Only one stretch of the data is wanted: the line containing "n \<Longrightarrow> B", the line containing "t \<Longrightarrow> mscale", and every line between them, copied exactly.
◇ ◇ ◇ ◇ ◇
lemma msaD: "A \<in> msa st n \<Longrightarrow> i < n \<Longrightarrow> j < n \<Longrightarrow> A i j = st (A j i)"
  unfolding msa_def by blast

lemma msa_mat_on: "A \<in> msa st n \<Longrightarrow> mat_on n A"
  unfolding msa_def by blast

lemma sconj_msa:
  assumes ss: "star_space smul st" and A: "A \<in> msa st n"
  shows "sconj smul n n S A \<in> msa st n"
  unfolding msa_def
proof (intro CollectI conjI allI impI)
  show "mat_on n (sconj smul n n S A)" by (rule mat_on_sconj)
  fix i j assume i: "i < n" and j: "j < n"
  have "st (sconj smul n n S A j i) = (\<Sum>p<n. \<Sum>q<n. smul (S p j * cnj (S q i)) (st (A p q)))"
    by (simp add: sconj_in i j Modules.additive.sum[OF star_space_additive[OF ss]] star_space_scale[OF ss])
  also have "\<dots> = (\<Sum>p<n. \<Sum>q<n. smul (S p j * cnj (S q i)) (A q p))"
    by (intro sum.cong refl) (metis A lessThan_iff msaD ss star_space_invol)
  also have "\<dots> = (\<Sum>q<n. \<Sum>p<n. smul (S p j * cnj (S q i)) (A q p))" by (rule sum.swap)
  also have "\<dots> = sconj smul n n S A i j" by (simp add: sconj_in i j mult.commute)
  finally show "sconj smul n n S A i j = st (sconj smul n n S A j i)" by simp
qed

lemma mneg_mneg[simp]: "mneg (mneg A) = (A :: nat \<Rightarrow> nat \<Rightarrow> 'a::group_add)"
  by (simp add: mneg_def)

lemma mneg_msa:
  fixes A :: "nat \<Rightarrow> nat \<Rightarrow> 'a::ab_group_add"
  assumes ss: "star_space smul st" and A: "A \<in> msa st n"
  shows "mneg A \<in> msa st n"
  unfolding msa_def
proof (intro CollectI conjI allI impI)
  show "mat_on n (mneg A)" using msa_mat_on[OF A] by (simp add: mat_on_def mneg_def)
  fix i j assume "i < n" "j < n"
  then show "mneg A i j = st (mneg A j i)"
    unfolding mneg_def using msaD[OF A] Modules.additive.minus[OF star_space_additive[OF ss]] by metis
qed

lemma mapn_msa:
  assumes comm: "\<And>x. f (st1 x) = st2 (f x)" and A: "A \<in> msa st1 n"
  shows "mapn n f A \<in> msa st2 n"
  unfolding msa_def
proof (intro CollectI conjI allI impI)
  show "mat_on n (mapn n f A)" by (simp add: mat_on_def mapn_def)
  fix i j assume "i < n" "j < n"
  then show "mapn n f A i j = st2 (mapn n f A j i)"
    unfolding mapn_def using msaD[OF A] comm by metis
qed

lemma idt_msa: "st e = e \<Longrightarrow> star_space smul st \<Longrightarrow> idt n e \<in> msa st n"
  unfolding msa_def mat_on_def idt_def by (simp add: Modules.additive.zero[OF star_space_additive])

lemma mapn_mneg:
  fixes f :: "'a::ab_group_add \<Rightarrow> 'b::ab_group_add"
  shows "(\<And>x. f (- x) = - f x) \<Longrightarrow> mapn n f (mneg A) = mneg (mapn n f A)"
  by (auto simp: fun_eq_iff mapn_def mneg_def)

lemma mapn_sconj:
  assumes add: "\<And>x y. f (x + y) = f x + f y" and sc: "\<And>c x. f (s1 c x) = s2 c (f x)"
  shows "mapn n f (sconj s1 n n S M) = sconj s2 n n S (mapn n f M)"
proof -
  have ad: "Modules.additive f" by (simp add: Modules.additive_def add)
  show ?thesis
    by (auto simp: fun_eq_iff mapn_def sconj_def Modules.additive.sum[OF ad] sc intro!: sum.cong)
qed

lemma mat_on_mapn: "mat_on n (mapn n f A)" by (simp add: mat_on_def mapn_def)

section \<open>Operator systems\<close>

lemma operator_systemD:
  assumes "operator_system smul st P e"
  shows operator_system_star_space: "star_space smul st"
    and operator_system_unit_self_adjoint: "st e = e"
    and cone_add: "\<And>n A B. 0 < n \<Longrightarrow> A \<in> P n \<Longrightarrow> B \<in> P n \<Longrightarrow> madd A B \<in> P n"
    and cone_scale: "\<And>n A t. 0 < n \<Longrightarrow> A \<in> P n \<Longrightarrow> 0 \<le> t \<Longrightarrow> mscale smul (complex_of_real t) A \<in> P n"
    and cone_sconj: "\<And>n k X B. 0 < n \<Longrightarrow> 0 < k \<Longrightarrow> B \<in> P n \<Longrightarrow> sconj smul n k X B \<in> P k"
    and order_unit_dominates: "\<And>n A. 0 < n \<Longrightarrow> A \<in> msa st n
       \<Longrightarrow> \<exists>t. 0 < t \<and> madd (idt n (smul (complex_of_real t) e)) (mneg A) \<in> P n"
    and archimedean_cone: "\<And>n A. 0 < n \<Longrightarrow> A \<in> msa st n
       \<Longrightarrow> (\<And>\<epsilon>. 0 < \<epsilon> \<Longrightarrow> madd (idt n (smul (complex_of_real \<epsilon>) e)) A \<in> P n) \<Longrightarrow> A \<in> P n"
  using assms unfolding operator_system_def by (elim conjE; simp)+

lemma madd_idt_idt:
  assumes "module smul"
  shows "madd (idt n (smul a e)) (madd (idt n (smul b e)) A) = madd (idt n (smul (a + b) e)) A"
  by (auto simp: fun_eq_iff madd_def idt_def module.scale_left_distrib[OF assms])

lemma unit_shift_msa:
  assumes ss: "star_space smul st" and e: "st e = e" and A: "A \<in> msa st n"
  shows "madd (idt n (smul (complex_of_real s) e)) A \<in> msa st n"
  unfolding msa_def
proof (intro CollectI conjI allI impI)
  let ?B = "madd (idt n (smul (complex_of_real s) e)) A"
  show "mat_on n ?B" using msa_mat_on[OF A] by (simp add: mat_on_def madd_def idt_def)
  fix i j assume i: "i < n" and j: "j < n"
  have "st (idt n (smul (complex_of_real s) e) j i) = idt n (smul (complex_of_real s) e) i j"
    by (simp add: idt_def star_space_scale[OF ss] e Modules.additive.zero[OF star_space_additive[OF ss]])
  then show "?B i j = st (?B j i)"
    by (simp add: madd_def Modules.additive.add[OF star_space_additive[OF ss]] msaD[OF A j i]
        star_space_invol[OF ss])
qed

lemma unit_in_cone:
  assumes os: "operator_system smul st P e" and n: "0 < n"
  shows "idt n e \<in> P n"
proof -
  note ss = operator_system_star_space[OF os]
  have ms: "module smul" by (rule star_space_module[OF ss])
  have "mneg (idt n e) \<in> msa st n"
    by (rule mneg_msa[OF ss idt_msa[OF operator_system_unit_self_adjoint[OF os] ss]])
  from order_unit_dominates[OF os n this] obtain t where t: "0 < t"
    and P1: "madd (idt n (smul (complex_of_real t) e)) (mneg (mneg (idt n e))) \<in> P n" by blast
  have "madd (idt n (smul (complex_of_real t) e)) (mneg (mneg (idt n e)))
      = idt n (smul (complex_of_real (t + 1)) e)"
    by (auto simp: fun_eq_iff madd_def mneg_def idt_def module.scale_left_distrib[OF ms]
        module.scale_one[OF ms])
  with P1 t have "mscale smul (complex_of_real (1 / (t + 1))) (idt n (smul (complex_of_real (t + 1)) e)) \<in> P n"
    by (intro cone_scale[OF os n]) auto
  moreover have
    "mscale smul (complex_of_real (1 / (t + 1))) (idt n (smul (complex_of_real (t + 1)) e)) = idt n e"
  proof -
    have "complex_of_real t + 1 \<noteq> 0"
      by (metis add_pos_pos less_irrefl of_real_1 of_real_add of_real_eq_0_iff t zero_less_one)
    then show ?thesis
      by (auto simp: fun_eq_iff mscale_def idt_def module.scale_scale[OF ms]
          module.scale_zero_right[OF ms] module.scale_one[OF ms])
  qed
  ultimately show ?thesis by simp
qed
◇ ◇ ◇ ◇ ◇
### Solution to the exercise
    and cone_add: "\<And>n A B. 0 < n \<Longrightarrow> A \<in> P n \<Longrightarrow> B \<in> P n \<Longrightarrow> madd A B \<in> P n"
    and cone_scale: "\<And>n A t. 0 < n \<Longrightarrow> A \<in> P n \<Longrightarrow> 0 \<le> t \<Longrightarrow> mscale smul (complex_of_real t) A \<in> P n"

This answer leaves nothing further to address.